- [AVAILABLE DATA]:
|---|

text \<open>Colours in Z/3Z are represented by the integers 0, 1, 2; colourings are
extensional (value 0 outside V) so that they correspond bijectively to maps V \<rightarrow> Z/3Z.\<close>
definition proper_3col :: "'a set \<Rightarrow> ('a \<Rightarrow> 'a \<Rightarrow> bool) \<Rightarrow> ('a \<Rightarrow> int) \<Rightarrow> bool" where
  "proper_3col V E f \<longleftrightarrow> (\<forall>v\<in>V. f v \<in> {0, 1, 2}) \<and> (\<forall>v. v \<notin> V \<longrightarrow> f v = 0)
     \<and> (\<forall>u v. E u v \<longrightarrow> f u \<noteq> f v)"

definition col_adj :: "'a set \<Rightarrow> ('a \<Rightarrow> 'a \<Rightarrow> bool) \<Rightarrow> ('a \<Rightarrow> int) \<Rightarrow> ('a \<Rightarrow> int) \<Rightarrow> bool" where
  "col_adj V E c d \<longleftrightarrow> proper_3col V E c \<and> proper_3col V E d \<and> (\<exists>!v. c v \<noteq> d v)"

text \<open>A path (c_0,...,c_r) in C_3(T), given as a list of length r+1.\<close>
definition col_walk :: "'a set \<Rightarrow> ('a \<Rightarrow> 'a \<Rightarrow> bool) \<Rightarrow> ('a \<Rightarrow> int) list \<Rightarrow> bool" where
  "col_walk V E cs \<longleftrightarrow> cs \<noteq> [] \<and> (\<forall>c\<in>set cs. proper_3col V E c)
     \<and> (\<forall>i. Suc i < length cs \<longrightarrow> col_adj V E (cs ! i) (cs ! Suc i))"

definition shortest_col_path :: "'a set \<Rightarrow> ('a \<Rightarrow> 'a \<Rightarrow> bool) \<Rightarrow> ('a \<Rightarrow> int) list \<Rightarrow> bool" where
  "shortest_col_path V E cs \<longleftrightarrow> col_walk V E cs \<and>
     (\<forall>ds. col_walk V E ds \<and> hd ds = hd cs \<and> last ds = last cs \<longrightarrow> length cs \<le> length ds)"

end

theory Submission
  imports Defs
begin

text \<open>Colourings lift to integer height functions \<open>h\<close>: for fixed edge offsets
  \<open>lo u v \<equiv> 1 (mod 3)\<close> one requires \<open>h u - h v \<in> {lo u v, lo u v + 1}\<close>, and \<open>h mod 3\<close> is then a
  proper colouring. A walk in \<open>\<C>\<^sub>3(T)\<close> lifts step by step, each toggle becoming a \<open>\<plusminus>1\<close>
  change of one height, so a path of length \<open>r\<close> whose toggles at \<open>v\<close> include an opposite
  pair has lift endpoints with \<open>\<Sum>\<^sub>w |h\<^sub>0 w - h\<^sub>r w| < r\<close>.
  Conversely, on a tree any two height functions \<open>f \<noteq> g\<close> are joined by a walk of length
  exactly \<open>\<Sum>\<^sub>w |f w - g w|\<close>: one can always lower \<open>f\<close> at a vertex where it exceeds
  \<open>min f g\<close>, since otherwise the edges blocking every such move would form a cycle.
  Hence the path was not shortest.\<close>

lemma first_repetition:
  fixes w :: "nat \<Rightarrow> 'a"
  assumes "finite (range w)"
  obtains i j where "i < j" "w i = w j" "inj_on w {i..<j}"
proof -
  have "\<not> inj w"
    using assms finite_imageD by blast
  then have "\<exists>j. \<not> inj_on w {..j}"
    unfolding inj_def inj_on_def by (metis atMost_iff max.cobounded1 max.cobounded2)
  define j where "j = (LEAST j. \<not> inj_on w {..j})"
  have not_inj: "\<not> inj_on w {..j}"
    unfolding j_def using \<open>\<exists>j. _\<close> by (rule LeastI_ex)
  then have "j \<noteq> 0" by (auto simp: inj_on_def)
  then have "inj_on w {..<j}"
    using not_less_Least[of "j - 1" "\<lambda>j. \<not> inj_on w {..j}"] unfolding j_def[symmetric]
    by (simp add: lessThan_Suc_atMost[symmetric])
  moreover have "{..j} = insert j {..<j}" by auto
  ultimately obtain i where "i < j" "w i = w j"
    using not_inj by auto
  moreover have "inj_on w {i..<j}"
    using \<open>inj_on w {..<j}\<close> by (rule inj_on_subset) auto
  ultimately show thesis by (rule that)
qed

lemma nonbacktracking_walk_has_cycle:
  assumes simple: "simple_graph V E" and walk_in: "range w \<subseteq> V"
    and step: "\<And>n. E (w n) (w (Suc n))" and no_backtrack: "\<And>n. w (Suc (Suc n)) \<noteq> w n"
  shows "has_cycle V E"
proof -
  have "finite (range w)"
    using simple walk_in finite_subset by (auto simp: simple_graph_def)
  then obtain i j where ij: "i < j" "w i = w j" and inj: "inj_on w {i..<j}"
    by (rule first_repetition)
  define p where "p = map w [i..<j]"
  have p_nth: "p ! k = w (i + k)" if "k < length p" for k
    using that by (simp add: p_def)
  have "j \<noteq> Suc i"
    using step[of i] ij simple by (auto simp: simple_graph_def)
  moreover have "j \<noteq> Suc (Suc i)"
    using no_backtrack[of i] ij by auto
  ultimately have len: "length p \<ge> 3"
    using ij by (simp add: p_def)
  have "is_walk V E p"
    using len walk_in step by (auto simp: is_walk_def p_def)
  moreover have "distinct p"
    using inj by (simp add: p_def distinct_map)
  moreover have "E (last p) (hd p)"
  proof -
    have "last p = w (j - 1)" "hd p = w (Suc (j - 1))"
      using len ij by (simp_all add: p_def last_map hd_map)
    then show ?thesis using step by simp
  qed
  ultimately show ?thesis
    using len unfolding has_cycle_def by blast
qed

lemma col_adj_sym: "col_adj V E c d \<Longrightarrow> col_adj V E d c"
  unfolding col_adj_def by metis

|---|

- [ASSIGNMENT]: Tally the lines above containing "bool"; give only the number.

- [EXERCISE OUTPUT]: 4